## [What the task asks]
Return the full set of records, matching them character for character.

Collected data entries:
(* Let $\alpha=(\alpha_1,\ldots,\alpha_n)$ be a composition, $\sigma\in S_n$, and $i\in\{1,\ldots,n-1\}$ with $\alpha_i=\alpha_{i+1}$. Let $T\in\mathrm{NAF}(\alpha,\sigma)$ and let $U=\Omega_{0,h}(T)$ for some $h\in\{0,\ldots,\alpha_i\}$, and suppose $U$ is non-attacking. Then $$\mathrm{wt}_{h}(U)\,(1-\rho_h(U))=\mathrm{wt}_{h}(T)\,(1-\rho_h(T)).$$
   Context: Permutations are in one-line notation; $\sigma s_i$ is $\sigma$ with the entries in positions $i,i+1$ exchanged. A composition is a sequence of nonnegative integers. The skyline diagram is $\mathrm{dg}(\alpha)=\{(j,r):1\le j\le n,\ 1\le r\le\alpha_j\}$ ($j$ = column, $r$ = row) and the augmented diagram is $\mathrm{adg}(\alpha)=\mathrm{dg}(\alpha)\cup\{(j,0):1\le j\le n\}$ (row $0$ is the basement). For $u=(j,r)\in\mathrm{dg}(\alpha)$: $\mathrm{south}(u)=(j,r-1)$; $\mathrm{leg}(u)=\alpha_j-r$; the left arm set is $\{(j',r-1)\in\mathrm{adg}(\alpha):j'<j,\ \alpha_{j'}<\alpha_j\}$, the right arm set is $\{(j',r)\in\mathrm{dg}(\alpha):j'>j,\ \alpha_{j'}\le\alpha_j\}$, $\mathrm{Arm}(u)$ is their union and $\mathrm{arm}(u)=|\mathrm{Arm}(u)|$. Two boxes of $\mathrm{adg}(\alpha)$ attack each other if they are in the same row, or in consecutive rows with the box in the higher row strictly to the right of the box in the lower row. A filling of shape $\alpha$ and basement $\tau\in S_n$ is a map $T:\mathrm{adg}(\alpha)\to\{1,\ldots,n\}$ with $T(j,0)=\tau_j$; $\mathrm{NAF}(\alpha,\tau)$ is the set of non-attacking ones (attacking boxes have distinct entries). For integers $a,b$ let $\chi(a,b)=1$ if $a>b$ and $0$ otherwise, and $\chi(a,b,c)=\chi(a,b)+\chi(b,c)-\chi(a,c)$. For a non-attacking filling $T$: a descent is $u\in\mathrm{dg}(\alpha)$ with $T(u)>T(\mathrm{south}(u))$; a triple is $(u,v,w)$ with $u\in\mathrm{dg}(\alpha)$, $w=\mathrm{south}(u)$, $v\in\mathrm{Arm}(u)$, an inversion triple if $\chi(T(u),T(v),T(w))=1$ and a coinversion triple otherwise. For $r\ge0$, let $\mathrm{maj}_{r+1}(T)=\sum(\mathrm{leg}(u)+1)$ over descents $u$ in row $r+1$, let $\mathrm{coinv}_{r,r+1}(T)$ be the number of coinversion triples $(u,v,w)$ with $u$ in row $r+1$, and $\mathrm{wt}_r(T)=q^{\mathrm{maj}_{r+1}(T)}t^{\mathrm{coinv}_{r,r+1}(T)}\prod_{u\in\mathrm{dg}(\alpha)\text{ in row }r+1,\ T(u)\ne T(\mathrm{south}(u))}\frac{1-t}{1-q^{1+\mathrm{leg}(u)}t^{1+\mathrm{arm}(u)}}$ (empty sums are $0$, empty products $1$). Fix $i$ with $\alpha_i=\alpha_{i+1}$. For a filling $T$ and $0\le r\le\alpha_i$, $\mathrm{swap}_r(T)$ exchanges the entries of boxes $(i,r)$ and $(i+1,r)$, and $\Omega_{0,h}=\mathrm{swap}_h\circ\cdots\circ\mathrm{swap}_0$ (so $\Omega_{0,h}(T)$ has basement $\sigma s_i$). For a non-attacking filling $T$ (any basement) and $0\le r\le\alpha_i-1$, let $a=T(i,r)$, $b=T(i+1,r)$, $c=T(i,r+1)$, $d=T(i+1,r+1)$, $A=\mathrm{arm}(i+1,r+1)$, $\ell=\mathrm{leg}(i+1,r+1)$, and define $\rho_r(T)\in\mathbb{Q}(q,t)$: if $a,b,c,d$ are distinct, $\rho_r(T)=0$ when $\chi(c,d,a)=\chi(c,d,b)$ and $\rho_r(T)=1$ when $\chi(c,d,a)=\chi(d,c,b)$; if exactly three of them are distinct, then $\rho_r(T)=0$ if $b=c$, $\rho_r(T)=1$ if $b=d$, and $\rho_r(T)=t^{1-\chi(d,a,b)}\frac{1-q^{\ell+1}t^{A+1}}{1-q^{\ell+1}t^{A+2}}$ if $a=c$; if $a=c$ and $b=d$, $\rho_r(T)=1$. By convention $\rho_{\alpha_i}(T)=0$. *)

theory Defs
  imports Main "HOL-Computational_Algebra.Polynomial" "HOL-Computational_Algebra.Fraction_Field"
    "HOL-Combinatorics.Permutations"
begin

## [Answer]
(* Let $\alpha=(\alpha_1,\ldots,\alpha_n)$ be a composition, $\sigma\in S_n$, and $i\in\{1,\ldots,n-1\}$ with $\alpha_i=\alpha_{i+1}$. Let $T\in\mathrm{NAF}(\alpha,\sigma)$ and let $U=\Omega_{0,h}(T)$ for some $h\in\{0,\ldots,\alpha_i\}$, and suppose $U$ is non-attacking. Then $$\mathrm{wt}_{h}(U)\,(1-\rho_h(U))=\mathrm{wt}_{h}(T)\,(1-\rho_h(T)).$$
   Context: Permutations are in one-line notation; $\sigma s_i$ is $\sigma$ with the entries in positions $i,i+1$ exchanged. A composition is a sequence of nonnegative integers. The skyline diagram is $\mathrm{dg}(\alpha)=\{(j,r):1\le j\le n,\ 1\le r\le\alpha_j\}$ ($j$ = column, $r$ = row) and the augmented diagram is $\mathrm{adg}(\alpha)=\mathrm{dg}(\alpha)\cup\{(j,0):1\le j\le n\}$ (row $0$ is the basement). For $u=(j,r)\in\mathrm{dg}(\alpha)$: $\mathrm{south}(u)=(j,r-1)$; $\mathrm{leg}(u)=\alpha_j-r$; the left arm set is $\{(j',r-1)\in\mathrm{adg}(\alpha):j'<j,\ \alpha_{j'}<\alpha_j\}$, the right arm set is $\{(j',r)\in\mathrm{dg}(\alpha):j'>j,\ \alpha_{j'}\le\alpha_j\}$, $\mathrm{Arm}(u)$ is their union and $\mathrm{arm}(u)=|\mathrm{Arm}(u)|$. Two boxes of $\mathrm{adg}(\alpha)$ attack each other if they are in the same row, or in consecutive rows with the box in the higher row strictly to the right of the box in the lower row. A filling of shape $\alpha$ and basement $\tau\in S_n$ is a map $T:\mathrm{adg}(\alpha)\to\{1,\ldots,n\}$ with $T(j,0)=\tau_j$; $\mathrm{NAF}(\alpha,\tau)$ is the set of non-attacking ones (attacking boxes have distinct entries). For integers $a,b$ let $\chi(a,b)=1$ if $a>b$ and $0$ otherwise, and $\chi(a,b,c)=\chi(a,b)+\chi(b,c)-\chi(a,c)$. For a non-attacking filling $T$: a descent is $u\in\mathrm{dg}(\alpha)$ with $T(u)>T(\mathrm{south}(u))$; a triple is $(u,v,w)$ with $u\in\mathrm{dg}(\alpha)$, $w=\mathrm{south}(u)$, $v\in\mathrm{Arm}(u)$, an inversion triple if $\chi(T(u),T(v),T(w))=1$ and a coinversion triple otherwise. For $r\ge0$, let $\mathrm{maj}_{r+1}(T)=\sum(\mathrm{leg}(u)+1)$ over descents $u$ in row $r+1$, let $\mathrm{coinv}_{r,r+1}(T)$ be the number of coinversion triples $(u,v,w)$ with $u$ in row $r+1$, and $\mathrm{wt}_r(T)=q^{\mathrm{maj}_{r+1}(T)}t^{\mathrm{coinv}_{r,r+1}(T)}\prod_{u\in\mathrm{dg}(\alpha)\text{ in row }r+1,\ T(u)\ne T(\mathrm{south}(u))}\frac{1-t}{1-q^{1+\mathrm{leg}(u)}t^{1+\mathrm{arm}(u)}}$ (empty sums are $0$, empty products $1$). Fix $i$ with $\alpha_i=\alpha_{i+1}$. For a filling $T$ and $0\le r\le\alpha_i$, $\mathrm{swap}_r(T)$ exchanges the entries of boxes $(i,r)$ and $(i+1,r)$, and $\Omega_{0,h}=\mathrm{swap}_h\circ\cdots\circ\mathrm{swap}_0$ (so $\Omega_{0,h}(T)$ has basement $\sigma s_i$). For a non-attacking filling $T$ (any basement) and $0\le r\le\alpha_i-1$, let $a=T(i,r)$, $b=T(i+1,r)$, $c=T(i,r+1)$, $d=T(i+1,r+1)$, $A=\mathrm{arm}(i+1,r+1)$, $\ell=\mathrm{leg}(i+1,r+1)$, and define $\rho_r(T)\in\mathbb{Q}(q,t)$: if $a,b,c,d$ are distinct, $\rho_r(T)=0$ when $\chi(c,d,a)=\chi(c,d,b)$ and $\rho_r(T)=1$ when $\chi(c,d,a)=\chi(d,c,b)$; if exactly three of them are distinct, then $\rho_r(T)=0$ if $b=c$, $\rho_r(T)=1$ if $b=d$, and $\rho_r(T)=t^{1-\chi(d,a,b)}\frac{1-q^{\ell+1}t^{A+1}}{1-q^{\ell+1}t^{A+2}}$ if $a=c$; if $a=c$ and $b=d$, $\rho_r(T)=1$. By convention $\rho_{\alpha_i}(T)=0$. *)

theory Defs
  imports Main "HOL-Computational_Algebra.Polynomial" "HOL-Computational_Algebra.Fraction_Field"
    "HOL-Combinatorics.Permutations"
begin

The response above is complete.